1) Fast hatching. If you're the first to hatch, you win and can kill all the rest while they're still developing. Again, Africanized bees, who have been wild the longest, have a monopoly on this--that's why they're outbreeding feral European bees in the south--they hatch a day early and kill all the queens with European drone fathers! When we separate all the cells, at the least we're putting a pause on the genetic pressure to hatch quickly. (how do you think queens got from 21 days to 16 days??) (I think we should try breeding Euro bees to Africanized--breed selectively for 15-day hatching while adding in more and more Euro each generation until we get several lines that retain the fast-hatching but are mostly European descent. Then release THOSE to counter-compete with the Africanized)

2) A lot of people claim small-cell is better for reasons I won't go into here. But then breeders pick the BIGGEST queen cells to keep. This is just theorizing since I know very little about queen raising right now, but if you want smaller bees, wouldn't it follow that eventually the queen needs to be smaller to fit her abdomen into the cells?

Fun thread, and I'm interested in hearing any opinions counter to mine!

~Tara


----------



## AmericasBeekeeper (Jan 24, 2010)

So how diverse is bee genetics in the United States?

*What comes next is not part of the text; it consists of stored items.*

(* Let $m$ be a divisor of $n$, $s=n/m$, $\alpha$ a primitive element of $\mathbb{F}_{q^n}$, $l$ an integer with $1\le l<\frac{q^n-1}{q^m-1}$, and $L$ the degree of the minimal polynomial of $\alpha^l$ over $\mathbb{F}_{q^m}$. Let $r\ge2$ and integers $1\le s_1<\dots<s_r\le L$ with $s_r<s$, and let $\mathcal{F}=(\mathcal{F}_1,\dots,\mathcal{F}_r)$ be the flag with $\mathcal{F}_i=\bigoplus_{j=0}^{s_i-1}\mathbb{F}_{q^m}\alpha^{lj}$ (of type $(ms_1,\dots,ms_r)$). Then $\mathrm{Orb}(\mathcal{F})$ has best friend $\mathbb{F}_{q^m}$ and $|\mathrm{Orb}(\mathcal{F})|=\frac{q^n-1}{q^m-1}$. Moreover: (1) If $s_r<L$, then $\mathrm{Orb}(\mathcal{F})$ is consistent and $d_f(\mathrm{Orb}(\mathcal{F}))=2mr$. (2) If $s_r=L$, then $d_f(\mathrm{Orb}(\mathcal{F}))=2m(r-1)$ and, with $c=\frac{q^n-1}{q^{mL}-1}$, $\mathrm{Orb}(\mathcal{F})$ is the disjoint union $\dot\bigcup_{i=0}^{c-1}\mathrm{Orb}_{\alpha^c}(\mathcal{F}\alpha^i)$.
   Context: $q$ prime power; $\mathbb{F}_{q^n}$ is an $n$-dimensional $\mathbb{F}_q$-vector space; subspaces are $\mathbb{F}_q$-subspaces; $d_S(\mathcal{U},\mathcal{V})=\dim(\mathcal{U}+\mathcal{V})-\dim(\mathcal{U}\cap\mathcal{V})$. A flag is a chain $\{0\}\subsetneq\mathcal{F}_1\subsetneq\cdots\subsetneq\mathcal{F}_r\subsetneq\mathbb{F}_{q^n}$; $d_f(\mathcal{F},\mathcal{F}')=\sum_i d_S(\mathcal{F}_i,\mathcal{F}'_i)$; the minimum distance of a flag code is the minimum $d_f$ between distinct codewords. For $\beta\in\mathbb{F}_{q^n}^\ast$, $\mathcal{F}\beta=(\mathcal{F}_1\beta,\dots,\mathcal{F}_r\beta)$, $\mathrm{Orb}_\beta(\mathcal{F})=\{\mathcal{F}\beta^j:j\ge0\}$, and $\mathrm{Orb}(\mathcal{F})=\mathrm{Orb}_\alpha(\mathcal{F})$ for $\alpha$ primitive. The $i$-th projected code of a flag code $\mathcal{C}$ is $\mathcal{C}_i=\{\mathcal{F}_i:\mathcal{F}\in\mathcal{C}\}$. $\mathcal{C}$ is disjoint if $|\mathcal{C}_i|=|\mathcal{C}|$ for all $i$, and consistent if it is disjoint and $d_f(\mathcal{C})=\sum_i d_S(\mathcal{C}_i)$ (minimum subspace distances of the projected codes). A subfield $\mathbb{F}_{q^m}$ is a friend of a subspace if the subspace is an $\mathbb{F}_{q^m}$-vector space; a friend of a flag is a common friend of all its subspaces; the best friend is the largest friend (of a code $\mathrm{Orb}_\beta(\mathcal{F})$: that of $\mathcal{F}$). *)

theory Defs
  imports "HOL-Computational_Algebra.Polynomial" "HOL-Computational_Algebra.Primes"
begin

text \<open>The ambient field F_{q^n} is a finite field type 'a with CARD('a) = q^n.
  The subfield F_{q^d} (d dividing n) is the set of roots of X^(q^d) - X.\<close>

definition subfield :: "nat \<Rightarrow> nat \<Rightarrow> 'a::{finite,field} set" where
  "subfield q d = {x. x ^ (q ^ d) = x}"

definition prime_power :: "nat \<Rightarrow> bool" where
  "prime_power q \<longleftrightarrow> (\<exists>p k. prime p \<and> k > 0 \<and> q = p ^ k)"

definition primitive_elem :: "'a::{finite,field} \<Rightarrow> bool" where
  "primitive_elem a \<longleftrightarrow> (\<forall>x. x \<noteq> 0 \<longrightarrow> (\<exists>j::nat. x = a ^ j))"

definition fq_subspace :: "nat \<Rightarrow> 'a::{finite,field} set \<Rightarrow> bool" where
  "fq_subspace q U \<longleftrightarrow> 0 \<in> U \<and> (\<forall>u\<in>U. \<forall>v\<in>U. u + v \<in> U)
     \<and> (\<forall>c\<in>subfield q 1. \<forall>u\<in>U. c * u \<in> U)"

definition dimq :: "nat \<Rightarrow> 'a::{finite,field} set \<Rightarrow> nat" where
  "dimq q U = (THE k. card U = q ^ k)"

definition ssum :: "'a::{finite,field} set \<Rightarrow> 'a set \<Rightarrow> 'a set" where
  "ssum U V = {u + v | u v. u \<in> U \<and> v \<in> V}"

definition subspace_dist :: "nat \<Rightarrow> 'a::{finite,field} set \<Rightarrow> 'a set \<Rightarrow> nat" where
  "subspace_dist q U V = dimq q (ssum U V) - dimq q (U \<inter> V)"

definition flag_dist :: "nat \<Rightarrow> 'a::{finite,field} set list \<Rightarrow> 'a set list \<Rightarrow> nat" where
  "flag_dist q F G = (\<Sum>i<length F. subspace_dist q (F ! i) (G ! i))"

definition flag_min_dist :: "nat \<Rightarrow> 'a::{finite,field} set list set \<Rightarrow> nat" where
  "flag_min_dist q C = Min {flag_dist q F G | F G. F \<in> C \<and> G \<in> C \<and> F \<noteq> G}"

definition subspace_min_dist :: "nat \<Rightarrow> 'a::{finite,field} set set \<Rightarrow> nat" where
  "subspace_min_dist q C = Min {subspace_dist q U V | U V. U \<in> C \<and> V \<in> C \<and> U \<noteq> V}"

definition projected :: "'a set list set \<Rightarrow> nat \<Rightarrow> 'a set set" where
  "projected C i = {F ! i | F. F \<in> C}"

definition disjoint_code :: "nat \<Rightarrow> 'a set list set \<Rightarrow> bool" where
  "disjoint_code r C \<longleftrightarrow> (\<forall>i<r. card (projected C i) = card C)"

definition consistent_code :: "nat \<Rightarrow> nat \<Rightarrow> 'a::{finite,field} set list set \<Rightarrow> bool" where
  "consistent_code q r C \<longleftrightarrow> disjoint_code r C \<and>
     flag_min_dist q C = (\<Sum>i<r. subspace_min_dist q (projected C i))"

definition flag_mult :: "'a::{finite,field} set list \<Rightarrow> 'a \<Rightarrow> 'a set list" where
  "flag_mult F b = map (\<lambda>U. (\<lambda>x. x * b) ` U) F"

definition orb :: "'a::{finite,field} \<Rightarrow> 'a set list \<Rightarrow> 'a set list set" where
  "orb b F = {flag_mult F (b ^ j) | j. True}"

definition flag_friend :: "nat \<Rightarrow> nat \<Rightarrow> nat \<Rightarrow> 'a::{finite,field} set list \<Rightarrow> bool" where
  "flag_friend q n d F \<longleftrightarrow> d dvd n \<and>
     (\<forall>U\<in>set F. \<forall>c\<in>subfield q d. \<forall>u\<in>U. c * u \<in> U)"

definition is_best_friend :: "nat \<Rightarrow> nat \<Rightarrow> nat \<Rightarrow> 'a::{finite,field} set list \<Rightarrow> bool" where
  "is_best_friend q n d F \<longleftrightarrow> flag_friend q n d F \<and> (\<forall>d'. flag_friend q n d' F \<longrightarrow> d' \<le> d)"

definition minpoly_degree :: "nat \<Rightarrow> nat \<Rightarrow> 'a::{finite,field} \<Rightarrow> nat" where
  "minpoly_degree q m a = (LEAST d. \<exists>p::'a poly. p \<noteq> 0 \<and> degree p = d \<and>
      (\<forall>i. coeff p i \<in> subfield q m) \<and> poly p a = 0)"

definition fspan :: "nat \<Rightarrow> nat \<Rightarrow> nat \<Rightarrow> (nat \<Rightarrow> 'a::{finite,field}) \<Rightarrow> 'a set" where
  "fspan q m k v = {(\<Sum>j<k. c j * v j) | c. \<forall>j<k. c j \<in> subfield q m}"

How many sub-species or even queen lines are there since imports were banned back in 1922? A couple new lines have been snuck in or legally imported. If a queen lives one to five years, we have had 88 to 14 generations with less than 9 genetic lines. Diversity is what Buckfast Abby accomplished by going to several continents to collect new lines. Duplicate lines are maintained to prevent genetic depression. Heterosis almost universally improves by deepening the gene pool - which is shallower than spit in the U.S.


----------



## sqkcrk (Dec 10, 2005)

Tara said:


> Again, Africanized bees, who have been wild the longest, have a monopoly on this--that's why they're outbreeding feral European bees in the south--they hatch a day early and kill all the queens with European drone fathers. (how do you think queens got from 21 days to 16 days??) (I think we should try breeding Euro bees to Africanized--breed selectively for 15-day hatching while adding in more and more Euro each generation until we get several lines that retain the fast-hatching but are mostly European descent. Then release THOSE to counter-compete with the Africanized)
> 
> ~Tara


21 days to 16? I don't know how that happened.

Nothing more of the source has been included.